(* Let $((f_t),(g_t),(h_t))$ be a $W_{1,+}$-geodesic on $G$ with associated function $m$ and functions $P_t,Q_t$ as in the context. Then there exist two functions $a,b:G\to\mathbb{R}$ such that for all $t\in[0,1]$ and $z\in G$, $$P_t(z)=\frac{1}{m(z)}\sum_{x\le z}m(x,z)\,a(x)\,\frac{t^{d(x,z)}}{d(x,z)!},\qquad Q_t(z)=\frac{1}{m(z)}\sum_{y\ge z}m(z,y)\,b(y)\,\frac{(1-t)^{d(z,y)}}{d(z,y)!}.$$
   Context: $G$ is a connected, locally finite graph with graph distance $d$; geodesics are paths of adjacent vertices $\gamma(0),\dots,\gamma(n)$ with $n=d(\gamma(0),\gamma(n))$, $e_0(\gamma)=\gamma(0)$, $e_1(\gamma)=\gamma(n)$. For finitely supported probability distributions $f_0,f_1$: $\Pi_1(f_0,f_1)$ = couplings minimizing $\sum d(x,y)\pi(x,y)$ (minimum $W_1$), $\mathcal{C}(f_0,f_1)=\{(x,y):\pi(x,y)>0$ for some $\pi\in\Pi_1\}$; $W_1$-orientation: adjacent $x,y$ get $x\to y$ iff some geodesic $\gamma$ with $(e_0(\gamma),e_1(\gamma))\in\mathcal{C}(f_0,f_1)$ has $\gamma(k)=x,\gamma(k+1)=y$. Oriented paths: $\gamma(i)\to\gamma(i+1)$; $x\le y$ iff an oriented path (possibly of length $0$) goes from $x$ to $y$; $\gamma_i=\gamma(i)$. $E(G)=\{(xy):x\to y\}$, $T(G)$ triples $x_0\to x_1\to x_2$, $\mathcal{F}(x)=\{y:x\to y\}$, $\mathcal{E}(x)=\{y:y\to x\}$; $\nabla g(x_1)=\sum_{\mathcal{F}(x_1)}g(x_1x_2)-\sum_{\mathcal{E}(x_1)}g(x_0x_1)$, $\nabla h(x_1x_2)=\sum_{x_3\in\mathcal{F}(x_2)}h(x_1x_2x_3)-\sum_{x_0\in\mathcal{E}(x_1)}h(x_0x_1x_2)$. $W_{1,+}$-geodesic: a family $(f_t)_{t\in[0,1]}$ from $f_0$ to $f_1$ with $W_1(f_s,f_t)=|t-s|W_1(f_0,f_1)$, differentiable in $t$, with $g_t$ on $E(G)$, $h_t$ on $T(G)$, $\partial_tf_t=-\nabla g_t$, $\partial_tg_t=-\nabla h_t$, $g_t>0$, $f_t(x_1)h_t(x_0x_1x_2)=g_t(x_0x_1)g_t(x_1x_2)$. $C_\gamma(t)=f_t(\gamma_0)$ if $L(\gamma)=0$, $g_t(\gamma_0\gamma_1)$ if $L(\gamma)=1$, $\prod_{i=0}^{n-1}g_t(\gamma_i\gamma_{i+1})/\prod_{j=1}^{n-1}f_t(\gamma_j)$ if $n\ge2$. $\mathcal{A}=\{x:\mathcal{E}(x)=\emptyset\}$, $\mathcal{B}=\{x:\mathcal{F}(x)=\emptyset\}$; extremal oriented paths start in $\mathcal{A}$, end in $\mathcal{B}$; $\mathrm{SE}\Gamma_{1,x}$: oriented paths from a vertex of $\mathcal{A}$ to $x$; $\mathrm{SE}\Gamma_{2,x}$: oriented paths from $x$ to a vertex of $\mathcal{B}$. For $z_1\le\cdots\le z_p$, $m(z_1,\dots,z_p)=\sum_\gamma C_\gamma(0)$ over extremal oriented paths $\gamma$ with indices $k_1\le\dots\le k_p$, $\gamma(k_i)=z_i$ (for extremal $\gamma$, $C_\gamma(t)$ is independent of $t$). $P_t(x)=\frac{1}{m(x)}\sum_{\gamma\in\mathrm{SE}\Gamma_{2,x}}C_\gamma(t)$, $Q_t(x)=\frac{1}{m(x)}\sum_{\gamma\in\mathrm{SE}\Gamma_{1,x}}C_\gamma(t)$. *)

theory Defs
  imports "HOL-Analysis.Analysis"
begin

|---|

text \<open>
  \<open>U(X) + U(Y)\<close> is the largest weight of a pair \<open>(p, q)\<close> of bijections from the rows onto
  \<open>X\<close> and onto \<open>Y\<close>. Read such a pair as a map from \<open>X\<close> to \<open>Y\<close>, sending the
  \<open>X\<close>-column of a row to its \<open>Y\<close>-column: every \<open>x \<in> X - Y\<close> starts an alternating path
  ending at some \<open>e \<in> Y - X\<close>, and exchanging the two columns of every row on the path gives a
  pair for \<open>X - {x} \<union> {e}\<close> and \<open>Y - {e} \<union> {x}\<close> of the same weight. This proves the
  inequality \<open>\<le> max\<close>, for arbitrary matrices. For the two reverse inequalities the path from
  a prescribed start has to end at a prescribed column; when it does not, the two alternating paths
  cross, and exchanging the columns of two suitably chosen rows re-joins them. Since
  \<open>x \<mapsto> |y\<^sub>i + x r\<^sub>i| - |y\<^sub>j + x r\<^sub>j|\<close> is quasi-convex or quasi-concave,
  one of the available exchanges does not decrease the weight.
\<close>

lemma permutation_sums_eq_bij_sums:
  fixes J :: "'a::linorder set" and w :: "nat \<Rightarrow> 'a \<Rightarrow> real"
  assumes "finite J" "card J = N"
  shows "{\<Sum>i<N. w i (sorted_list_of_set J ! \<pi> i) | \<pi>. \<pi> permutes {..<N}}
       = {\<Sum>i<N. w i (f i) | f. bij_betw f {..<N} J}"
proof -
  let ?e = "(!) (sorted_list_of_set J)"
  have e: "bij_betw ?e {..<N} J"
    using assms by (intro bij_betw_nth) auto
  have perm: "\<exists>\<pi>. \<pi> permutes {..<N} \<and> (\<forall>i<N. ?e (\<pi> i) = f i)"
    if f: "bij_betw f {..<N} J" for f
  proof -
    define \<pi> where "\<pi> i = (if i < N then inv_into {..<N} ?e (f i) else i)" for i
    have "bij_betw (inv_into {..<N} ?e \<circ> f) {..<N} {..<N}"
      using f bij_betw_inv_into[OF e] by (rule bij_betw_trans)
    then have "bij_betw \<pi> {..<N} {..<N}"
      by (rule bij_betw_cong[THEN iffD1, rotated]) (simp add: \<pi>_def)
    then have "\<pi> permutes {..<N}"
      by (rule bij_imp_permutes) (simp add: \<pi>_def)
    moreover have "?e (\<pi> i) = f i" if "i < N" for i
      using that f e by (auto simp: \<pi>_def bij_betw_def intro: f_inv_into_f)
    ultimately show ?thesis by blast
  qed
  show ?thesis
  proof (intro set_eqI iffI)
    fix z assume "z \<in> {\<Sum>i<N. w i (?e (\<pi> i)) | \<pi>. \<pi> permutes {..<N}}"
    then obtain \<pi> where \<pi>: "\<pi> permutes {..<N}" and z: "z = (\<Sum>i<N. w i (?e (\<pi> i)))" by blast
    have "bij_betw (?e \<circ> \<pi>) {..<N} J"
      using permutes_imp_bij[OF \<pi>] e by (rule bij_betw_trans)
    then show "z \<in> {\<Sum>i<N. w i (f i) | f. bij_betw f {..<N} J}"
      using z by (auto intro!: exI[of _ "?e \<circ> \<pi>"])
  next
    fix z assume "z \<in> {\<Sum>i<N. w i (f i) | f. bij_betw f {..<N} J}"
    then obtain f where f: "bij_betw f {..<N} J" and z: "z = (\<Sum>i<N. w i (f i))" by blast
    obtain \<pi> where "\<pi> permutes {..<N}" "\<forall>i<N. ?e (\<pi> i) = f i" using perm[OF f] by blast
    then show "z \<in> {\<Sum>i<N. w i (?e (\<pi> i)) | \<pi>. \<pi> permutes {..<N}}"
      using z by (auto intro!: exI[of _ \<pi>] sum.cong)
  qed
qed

|---|

◆ **YOUR OBJECTIVE**
If a line in the records above contains the string "rule", copy that line out.

◆ **OUTPUT**
      using f bij_betw_inv_into[OF e] by (rule bij_betw_trans)
      by (rule bij_betw_cong[THEN iffD1, rotated]) (simp add: \<pi>_def)
      by (rule bij_imp_permutes) (simp add: \<pi>_def)
      using permutes_imp_bij[OF \<pi>] e by (rule bij_betw_trans)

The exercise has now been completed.